# Action item
Return, word for word, the lines of the listing below from the one with "a t \<Longrightarrow>" through the one with "unfolding step_def by fastforce", and no other lines.

# The records
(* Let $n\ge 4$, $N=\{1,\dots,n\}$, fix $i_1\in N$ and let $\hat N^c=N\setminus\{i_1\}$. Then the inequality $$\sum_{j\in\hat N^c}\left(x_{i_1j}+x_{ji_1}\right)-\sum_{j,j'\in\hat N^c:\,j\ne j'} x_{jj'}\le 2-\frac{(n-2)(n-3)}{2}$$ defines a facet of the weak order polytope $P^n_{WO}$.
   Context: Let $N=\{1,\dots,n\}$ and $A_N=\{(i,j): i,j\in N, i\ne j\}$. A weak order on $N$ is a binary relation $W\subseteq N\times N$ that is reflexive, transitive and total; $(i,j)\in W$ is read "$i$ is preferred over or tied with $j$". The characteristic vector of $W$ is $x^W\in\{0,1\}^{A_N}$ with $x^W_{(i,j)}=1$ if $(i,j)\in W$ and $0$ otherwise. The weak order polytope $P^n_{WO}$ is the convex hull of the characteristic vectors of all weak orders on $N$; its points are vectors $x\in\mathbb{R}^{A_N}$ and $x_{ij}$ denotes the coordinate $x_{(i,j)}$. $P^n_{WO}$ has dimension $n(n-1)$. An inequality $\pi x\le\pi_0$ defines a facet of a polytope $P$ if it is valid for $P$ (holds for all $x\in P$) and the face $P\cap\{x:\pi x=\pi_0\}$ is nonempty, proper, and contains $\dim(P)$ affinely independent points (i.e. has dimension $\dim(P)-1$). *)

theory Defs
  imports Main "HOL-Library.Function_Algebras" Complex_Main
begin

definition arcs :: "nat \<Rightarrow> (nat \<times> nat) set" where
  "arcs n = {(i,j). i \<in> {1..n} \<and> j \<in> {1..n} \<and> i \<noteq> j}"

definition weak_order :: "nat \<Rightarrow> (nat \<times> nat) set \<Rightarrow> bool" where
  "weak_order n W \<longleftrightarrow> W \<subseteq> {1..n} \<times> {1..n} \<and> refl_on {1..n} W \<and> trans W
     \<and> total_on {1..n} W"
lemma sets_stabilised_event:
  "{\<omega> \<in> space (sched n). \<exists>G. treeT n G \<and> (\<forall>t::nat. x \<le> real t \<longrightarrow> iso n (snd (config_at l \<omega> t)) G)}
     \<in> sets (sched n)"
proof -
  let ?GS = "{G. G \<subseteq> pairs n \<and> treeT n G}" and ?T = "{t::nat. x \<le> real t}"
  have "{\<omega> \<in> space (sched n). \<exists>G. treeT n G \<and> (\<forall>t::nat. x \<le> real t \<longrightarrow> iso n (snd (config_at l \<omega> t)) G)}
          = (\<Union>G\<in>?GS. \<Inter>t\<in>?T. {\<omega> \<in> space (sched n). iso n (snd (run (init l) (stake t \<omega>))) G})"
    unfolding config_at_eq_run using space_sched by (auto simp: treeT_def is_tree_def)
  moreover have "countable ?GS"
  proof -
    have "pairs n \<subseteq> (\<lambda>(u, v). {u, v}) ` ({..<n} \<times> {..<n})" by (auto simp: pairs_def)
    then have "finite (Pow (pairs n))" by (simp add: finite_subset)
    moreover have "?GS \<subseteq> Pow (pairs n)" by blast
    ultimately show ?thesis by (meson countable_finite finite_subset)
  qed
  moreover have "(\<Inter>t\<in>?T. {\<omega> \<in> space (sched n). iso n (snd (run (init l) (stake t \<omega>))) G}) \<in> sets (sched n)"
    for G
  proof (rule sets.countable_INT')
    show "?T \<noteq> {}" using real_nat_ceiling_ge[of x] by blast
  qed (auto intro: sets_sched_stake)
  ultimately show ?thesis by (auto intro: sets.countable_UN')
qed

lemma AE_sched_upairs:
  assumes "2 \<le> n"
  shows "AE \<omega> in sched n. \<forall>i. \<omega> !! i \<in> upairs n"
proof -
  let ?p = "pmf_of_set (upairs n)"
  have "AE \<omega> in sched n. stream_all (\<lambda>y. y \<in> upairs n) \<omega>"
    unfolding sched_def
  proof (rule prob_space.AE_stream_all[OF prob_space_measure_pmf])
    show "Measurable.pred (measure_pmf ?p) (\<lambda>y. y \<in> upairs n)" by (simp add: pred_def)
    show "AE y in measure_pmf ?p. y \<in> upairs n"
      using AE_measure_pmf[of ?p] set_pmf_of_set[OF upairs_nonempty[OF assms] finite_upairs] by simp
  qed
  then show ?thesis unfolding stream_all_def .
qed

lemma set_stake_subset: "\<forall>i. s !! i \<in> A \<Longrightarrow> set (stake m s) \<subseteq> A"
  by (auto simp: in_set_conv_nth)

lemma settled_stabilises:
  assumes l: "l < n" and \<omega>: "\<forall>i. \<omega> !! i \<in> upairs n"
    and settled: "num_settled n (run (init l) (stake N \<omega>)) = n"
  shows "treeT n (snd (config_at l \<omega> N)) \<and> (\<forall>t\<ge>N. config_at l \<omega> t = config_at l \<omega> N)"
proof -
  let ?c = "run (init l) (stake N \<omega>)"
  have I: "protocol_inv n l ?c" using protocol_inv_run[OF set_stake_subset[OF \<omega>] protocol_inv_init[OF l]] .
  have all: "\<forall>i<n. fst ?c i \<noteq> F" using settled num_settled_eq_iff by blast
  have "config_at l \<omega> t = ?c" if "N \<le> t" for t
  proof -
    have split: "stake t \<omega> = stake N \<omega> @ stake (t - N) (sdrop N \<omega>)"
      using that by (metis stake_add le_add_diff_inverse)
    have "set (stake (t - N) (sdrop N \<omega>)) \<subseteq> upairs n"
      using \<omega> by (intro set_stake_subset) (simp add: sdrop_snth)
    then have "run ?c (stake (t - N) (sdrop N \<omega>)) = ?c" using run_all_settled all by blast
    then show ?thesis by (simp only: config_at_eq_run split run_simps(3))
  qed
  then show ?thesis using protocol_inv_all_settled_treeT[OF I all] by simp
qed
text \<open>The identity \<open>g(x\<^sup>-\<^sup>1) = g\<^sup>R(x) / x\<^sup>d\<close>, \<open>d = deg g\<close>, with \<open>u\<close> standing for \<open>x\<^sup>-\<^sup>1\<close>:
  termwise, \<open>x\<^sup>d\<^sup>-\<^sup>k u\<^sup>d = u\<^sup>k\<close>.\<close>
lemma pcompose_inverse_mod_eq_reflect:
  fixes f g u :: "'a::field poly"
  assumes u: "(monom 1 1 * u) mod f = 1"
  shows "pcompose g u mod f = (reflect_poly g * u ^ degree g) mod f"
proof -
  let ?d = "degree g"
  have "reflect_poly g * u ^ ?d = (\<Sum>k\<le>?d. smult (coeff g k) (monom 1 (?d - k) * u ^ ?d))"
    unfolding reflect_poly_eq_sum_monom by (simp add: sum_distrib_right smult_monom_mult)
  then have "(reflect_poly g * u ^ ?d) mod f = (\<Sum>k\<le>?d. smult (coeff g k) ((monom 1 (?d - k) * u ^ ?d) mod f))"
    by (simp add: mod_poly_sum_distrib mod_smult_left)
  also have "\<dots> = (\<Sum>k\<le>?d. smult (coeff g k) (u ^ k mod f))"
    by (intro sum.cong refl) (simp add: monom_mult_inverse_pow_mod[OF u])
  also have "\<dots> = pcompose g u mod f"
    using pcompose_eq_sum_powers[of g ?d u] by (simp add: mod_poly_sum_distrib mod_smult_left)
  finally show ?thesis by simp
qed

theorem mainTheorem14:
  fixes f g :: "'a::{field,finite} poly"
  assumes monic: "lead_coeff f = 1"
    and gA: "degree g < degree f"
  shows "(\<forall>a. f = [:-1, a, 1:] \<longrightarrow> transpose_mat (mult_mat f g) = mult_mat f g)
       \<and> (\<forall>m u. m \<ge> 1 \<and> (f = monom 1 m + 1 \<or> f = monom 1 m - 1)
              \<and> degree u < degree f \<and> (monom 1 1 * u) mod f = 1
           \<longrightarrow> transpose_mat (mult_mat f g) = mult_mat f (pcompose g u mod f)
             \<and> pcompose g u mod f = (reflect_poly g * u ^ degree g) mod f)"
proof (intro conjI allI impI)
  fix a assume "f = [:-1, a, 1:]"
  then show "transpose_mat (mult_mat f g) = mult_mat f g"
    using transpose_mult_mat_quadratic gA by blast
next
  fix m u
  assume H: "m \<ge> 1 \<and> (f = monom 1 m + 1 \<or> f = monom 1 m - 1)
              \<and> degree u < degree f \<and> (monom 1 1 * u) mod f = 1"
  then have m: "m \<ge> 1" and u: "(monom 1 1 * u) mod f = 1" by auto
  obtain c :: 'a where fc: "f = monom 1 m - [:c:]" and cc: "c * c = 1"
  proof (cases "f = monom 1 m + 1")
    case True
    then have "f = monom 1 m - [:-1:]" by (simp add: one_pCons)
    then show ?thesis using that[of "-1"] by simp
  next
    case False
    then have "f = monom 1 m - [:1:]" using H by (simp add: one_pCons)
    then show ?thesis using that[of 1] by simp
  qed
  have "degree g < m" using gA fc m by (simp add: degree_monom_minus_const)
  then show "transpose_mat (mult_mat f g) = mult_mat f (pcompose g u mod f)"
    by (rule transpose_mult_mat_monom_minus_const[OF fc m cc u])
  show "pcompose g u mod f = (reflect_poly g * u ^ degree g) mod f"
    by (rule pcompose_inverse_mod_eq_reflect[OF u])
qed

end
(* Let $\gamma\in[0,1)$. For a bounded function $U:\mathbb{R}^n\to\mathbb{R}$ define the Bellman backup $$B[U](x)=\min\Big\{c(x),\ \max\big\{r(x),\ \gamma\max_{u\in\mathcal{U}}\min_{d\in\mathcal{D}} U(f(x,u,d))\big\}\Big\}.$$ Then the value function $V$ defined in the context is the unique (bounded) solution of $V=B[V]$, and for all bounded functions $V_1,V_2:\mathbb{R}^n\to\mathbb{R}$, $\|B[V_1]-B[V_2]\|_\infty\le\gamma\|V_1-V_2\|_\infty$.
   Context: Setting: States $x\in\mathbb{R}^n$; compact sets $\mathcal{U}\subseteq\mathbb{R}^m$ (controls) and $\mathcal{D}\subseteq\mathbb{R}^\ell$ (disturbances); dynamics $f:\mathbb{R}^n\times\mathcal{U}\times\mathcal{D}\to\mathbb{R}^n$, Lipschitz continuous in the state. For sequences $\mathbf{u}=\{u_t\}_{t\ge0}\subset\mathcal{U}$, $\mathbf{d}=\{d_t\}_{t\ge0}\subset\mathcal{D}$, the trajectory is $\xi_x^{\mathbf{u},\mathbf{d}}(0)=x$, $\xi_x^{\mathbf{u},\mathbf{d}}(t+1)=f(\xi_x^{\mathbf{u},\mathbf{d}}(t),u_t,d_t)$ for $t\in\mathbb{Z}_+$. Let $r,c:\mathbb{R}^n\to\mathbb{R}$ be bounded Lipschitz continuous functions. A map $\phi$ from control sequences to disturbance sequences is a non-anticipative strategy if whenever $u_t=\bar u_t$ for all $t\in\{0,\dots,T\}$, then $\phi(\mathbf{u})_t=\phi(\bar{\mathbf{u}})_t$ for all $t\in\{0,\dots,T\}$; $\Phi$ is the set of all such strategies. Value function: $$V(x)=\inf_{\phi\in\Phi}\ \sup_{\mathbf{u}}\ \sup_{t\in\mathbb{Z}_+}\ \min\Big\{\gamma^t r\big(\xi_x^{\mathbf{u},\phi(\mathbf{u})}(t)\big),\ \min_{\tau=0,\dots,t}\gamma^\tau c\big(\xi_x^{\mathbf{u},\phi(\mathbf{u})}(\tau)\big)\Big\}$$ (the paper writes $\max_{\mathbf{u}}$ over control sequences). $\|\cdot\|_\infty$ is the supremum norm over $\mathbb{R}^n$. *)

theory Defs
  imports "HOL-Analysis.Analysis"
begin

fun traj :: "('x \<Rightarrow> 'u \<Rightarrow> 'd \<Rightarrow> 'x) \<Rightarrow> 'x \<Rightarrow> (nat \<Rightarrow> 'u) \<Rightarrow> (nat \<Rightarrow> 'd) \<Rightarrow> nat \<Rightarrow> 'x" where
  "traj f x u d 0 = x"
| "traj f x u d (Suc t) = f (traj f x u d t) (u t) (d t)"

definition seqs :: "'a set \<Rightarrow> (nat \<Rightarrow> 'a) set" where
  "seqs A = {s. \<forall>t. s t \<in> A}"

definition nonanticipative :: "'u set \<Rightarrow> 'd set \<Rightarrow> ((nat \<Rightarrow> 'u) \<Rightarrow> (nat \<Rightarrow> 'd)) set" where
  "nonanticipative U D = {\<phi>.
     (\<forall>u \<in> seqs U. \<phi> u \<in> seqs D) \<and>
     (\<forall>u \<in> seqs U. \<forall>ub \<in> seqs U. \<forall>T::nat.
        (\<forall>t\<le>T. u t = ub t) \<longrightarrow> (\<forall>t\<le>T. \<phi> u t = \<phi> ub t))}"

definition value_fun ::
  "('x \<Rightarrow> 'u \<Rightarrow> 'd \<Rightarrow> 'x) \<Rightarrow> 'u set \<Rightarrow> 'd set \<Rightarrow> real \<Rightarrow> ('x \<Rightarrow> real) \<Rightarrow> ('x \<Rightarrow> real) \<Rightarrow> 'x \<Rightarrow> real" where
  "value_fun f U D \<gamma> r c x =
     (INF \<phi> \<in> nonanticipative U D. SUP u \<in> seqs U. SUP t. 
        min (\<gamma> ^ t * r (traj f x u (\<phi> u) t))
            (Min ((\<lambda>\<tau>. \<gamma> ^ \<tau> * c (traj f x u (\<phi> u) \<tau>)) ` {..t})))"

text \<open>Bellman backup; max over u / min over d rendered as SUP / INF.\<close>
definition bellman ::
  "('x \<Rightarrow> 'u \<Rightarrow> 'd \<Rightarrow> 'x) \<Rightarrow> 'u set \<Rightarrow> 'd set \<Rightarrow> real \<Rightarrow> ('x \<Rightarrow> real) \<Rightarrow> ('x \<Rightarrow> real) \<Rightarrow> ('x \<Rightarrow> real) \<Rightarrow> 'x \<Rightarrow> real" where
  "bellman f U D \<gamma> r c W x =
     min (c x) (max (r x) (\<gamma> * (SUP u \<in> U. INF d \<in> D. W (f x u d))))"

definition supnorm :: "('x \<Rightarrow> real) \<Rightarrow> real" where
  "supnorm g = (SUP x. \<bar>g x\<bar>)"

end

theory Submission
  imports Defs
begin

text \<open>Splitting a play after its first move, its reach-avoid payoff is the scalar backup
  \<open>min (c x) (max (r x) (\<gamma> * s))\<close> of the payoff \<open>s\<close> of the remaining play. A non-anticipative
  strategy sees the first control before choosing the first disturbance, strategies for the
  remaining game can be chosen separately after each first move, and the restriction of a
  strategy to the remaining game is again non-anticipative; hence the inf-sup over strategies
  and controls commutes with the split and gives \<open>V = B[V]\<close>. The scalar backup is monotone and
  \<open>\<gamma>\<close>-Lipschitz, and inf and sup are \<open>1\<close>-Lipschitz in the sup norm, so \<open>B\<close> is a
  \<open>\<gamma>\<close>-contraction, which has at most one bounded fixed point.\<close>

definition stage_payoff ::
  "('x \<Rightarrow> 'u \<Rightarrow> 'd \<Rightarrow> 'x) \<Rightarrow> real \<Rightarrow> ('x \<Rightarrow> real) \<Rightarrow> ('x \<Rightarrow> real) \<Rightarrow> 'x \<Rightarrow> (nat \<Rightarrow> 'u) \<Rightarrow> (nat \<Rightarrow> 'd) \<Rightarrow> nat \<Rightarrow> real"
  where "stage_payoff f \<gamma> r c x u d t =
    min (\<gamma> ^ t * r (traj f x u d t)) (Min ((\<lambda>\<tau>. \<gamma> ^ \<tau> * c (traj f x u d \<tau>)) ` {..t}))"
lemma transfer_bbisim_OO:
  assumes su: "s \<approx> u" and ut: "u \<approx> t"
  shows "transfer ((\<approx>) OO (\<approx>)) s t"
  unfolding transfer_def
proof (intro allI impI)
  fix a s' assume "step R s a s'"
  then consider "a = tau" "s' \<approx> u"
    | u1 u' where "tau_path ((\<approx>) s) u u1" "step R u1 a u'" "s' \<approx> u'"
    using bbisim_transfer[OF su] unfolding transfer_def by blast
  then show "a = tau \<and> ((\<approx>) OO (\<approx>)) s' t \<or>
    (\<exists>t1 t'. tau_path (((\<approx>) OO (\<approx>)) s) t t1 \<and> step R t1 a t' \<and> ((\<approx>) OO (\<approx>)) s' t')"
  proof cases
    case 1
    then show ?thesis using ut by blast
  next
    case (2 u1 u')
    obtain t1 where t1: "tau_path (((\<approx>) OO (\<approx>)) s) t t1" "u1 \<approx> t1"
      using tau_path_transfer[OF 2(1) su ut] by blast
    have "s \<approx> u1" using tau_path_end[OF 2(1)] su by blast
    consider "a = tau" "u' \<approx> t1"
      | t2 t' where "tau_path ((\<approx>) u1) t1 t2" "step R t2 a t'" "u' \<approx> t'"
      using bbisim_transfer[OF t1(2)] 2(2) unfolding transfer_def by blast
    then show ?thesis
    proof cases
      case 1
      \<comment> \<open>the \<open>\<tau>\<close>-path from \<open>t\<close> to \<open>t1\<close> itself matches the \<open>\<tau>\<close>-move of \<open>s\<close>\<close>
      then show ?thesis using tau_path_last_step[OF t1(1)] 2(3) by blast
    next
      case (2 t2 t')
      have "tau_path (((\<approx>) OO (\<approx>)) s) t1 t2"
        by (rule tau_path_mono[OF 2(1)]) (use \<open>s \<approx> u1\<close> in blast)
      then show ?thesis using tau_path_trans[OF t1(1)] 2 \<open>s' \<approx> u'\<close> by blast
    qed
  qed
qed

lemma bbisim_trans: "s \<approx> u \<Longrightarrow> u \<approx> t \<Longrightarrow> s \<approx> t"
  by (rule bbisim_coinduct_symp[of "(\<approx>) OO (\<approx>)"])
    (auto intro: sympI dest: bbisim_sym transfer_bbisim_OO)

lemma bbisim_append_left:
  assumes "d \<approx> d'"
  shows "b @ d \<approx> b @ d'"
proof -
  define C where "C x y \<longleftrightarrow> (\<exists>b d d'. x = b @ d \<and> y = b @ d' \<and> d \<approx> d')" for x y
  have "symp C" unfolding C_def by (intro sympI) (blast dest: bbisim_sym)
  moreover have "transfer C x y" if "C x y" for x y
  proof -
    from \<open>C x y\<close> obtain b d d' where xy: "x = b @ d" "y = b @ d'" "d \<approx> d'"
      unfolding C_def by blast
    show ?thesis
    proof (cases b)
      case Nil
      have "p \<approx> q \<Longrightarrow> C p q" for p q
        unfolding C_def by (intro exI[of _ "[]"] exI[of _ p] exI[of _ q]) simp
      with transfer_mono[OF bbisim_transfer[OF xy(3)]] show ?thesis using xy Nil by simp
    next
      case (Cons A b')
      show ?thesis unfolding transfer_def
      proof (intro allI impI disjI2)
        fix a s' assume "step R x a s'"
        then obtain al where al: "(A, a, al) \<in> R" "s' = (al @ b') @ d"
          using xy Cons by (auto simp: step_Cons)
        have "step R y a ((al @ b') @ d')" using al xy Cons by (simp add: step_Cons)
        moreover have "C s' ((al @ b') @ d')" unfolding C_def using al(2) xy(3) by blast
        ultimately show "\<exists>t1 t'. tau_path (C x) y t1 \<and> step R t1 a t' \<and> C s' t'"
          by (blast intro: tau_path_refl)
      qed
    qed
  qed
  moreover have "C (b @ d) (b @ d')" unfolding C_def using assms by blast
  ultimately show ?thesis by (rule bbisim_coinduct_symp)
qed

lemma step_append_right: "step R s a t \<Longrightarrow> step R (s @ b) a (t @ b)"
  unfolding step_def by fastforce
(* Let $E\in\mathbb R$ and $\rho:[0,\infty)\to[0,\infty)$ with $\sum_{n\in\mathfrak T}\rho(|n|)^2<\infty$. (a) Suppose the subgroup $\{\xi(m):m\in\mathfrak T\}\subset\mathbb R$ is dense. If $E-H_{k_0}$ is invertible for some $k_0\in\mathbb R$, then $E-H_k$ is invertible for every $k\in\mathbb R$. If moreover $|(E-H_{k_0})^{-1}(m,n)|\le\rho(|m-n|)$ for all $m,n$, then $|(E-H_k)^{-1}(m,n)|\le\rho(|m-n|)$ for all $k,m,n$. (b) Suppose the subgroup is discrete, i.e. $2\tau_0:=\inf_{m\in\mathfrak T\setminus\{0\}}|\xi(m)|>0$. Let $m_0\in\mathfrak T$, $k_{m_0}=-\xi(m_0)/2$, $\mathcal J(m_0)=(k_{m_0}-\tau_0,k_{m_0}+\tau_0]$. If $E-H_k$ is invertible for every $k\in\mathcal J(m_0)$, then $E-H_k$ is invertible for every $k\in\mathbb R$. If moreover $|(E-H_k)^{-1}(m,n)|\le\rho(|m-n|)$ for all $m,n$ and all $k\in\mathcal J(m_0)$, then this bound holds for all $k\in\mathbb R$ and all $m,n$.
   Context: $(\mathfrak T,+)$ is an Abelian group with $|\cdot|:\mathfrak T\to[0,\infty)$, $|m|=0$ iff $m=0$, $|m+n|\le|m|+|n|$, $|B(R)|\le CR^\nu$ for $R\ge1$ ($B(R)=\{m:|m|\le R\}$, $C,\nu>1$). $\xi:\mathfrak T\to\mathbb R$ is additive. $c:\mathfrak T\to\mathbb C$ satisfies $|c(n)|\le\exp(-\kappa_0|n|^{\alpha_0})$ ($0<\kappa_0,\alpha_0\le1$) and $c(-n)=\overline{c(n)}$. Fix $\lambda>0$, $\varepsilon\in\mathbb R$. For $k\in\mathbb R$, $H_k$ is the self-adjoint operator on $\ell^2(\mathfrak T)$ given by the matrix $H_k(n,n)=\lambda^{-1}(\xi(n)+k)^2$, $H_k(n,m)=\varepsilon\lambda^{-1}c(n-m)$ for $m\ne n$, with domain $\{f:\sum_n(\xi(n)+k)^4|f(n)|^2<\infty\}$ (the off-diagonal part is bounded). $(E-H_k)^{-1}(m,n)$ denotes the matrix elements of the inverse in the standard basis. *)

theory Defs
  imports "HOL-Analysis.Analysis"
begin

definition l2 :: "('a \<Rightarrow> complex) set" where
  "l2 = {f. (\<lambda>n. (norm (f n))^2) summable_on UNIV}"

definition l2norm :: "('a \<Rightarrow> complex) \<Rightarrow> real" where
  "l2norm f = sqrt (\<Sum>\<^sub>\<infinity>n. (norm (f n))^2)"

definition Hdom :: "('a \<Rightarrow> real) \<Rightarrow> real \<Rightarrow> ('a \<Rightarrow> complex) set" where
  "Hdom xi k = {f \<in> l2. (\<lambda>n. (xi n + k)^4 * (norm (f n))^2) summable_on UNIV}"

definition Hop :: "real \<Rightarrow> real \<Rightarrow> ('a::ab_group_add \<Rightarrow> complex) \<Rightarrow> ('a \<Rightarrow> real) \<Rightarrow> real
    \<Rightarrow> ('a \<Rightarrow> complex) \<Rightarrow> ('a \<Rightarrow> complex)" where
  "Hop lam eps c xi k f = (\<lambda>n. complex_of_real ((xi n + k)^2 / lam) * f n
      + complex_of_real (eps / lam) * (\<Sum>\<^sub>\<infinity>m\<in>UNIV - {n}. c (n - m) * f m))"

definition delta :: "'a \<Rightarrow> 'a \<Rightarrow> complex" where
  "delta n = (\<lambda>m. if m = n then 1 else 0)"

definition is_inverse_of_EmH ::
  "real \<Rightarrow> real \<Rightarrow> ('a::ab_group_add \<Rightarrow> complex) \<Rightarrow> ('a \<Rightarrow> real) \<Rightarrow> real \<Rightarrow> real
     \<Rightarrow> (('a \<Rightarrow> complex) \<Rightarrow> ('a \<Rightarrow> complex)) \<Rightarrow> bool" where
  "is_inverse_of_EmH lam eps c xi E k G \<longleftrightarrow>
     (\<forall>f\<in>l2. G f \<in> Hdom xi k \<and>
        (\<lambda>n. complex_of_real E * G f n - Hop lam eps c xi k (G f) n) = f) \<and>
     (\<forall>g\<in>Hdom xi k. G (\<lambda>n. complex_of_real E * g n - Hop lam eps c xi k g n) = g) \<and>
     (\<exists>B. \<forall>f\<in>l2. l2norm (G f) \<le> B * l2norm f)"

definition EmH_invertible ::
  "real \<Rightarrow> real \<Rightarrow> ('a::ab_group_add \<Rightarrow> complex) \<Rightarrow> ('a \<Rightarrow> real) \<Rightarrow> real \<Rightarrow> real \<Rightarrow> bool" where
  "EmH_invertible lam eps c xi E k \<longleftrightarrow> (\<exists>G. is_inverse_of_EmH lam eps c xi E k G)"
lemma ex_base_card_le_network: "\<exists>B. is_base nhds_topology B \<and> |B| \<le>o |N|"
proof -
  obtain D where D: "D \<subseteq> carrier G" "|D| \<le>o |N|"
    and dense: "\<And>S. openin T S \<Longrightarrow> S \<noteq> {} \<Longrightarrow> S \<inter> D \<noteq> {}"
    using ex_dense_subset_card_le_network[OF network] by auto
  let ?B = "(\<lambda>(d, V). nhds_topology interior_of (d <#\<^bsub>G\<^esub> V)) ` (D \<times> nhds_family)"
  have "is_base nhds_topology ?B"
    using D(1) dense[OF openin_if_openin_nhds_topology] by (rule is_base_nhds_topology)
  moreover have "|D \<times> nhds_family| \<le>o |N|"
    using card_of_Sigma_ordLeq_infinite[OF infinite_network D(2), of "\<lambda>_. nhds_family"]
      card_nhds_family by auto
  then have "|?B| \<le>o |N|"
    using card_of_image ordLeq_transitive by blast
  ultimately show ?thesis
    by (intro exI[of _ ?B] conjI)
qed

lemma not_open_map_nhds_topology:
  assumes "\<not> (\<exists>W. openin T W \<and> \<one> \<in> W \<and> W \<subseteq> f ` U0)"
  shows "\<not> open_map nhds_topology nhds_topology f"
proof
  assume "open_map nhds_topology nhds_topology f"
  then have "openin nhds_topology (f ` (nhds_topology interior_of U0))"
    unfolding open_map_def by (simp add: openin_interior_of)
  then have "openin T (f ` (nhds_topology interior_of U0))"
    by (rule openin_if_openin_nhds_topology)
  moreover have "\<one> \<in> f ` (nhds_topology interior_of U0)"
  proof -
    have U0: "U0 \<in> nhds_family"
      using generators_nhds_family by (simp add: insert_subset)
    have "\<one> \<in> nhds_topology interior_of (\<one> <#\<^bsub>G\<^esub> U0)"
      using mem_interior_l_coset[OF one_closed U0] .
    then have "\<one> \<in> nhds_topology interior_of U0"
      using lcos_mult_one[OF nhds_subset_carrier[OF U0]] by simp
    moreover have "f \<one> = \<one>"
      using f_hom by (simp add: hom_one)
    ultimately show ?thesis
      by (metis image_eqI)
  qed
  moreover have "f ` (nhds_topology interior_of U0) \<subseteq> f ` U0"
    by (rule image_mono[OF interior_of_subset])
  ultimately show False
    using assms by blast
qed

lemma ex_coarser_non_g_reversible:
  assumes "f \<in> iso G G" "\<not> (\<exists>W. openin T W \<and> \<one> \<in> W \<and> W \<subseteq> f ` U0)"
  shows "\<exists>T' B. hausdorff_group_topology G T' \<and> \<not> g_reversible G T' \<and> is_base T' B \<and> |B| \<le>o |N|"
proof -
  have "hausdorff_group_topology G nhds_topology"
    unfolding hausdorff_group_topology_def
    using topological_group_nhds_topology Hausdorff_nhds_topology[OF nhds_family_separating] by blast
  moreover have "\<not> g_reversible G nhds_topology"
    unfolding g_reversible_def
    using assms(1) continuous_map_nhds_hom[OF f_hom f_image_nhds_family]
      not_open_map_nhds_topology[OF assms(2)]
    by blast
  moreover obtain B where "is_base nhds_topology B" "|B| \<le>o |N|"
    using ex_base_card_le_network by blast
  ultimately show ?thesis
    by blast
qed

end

# Result of this exercise
lemma step_append_right: "step R s a t \<Longrightarrow> step R (s @ b) a (t @ b)"
  unfolding step_def by fastforce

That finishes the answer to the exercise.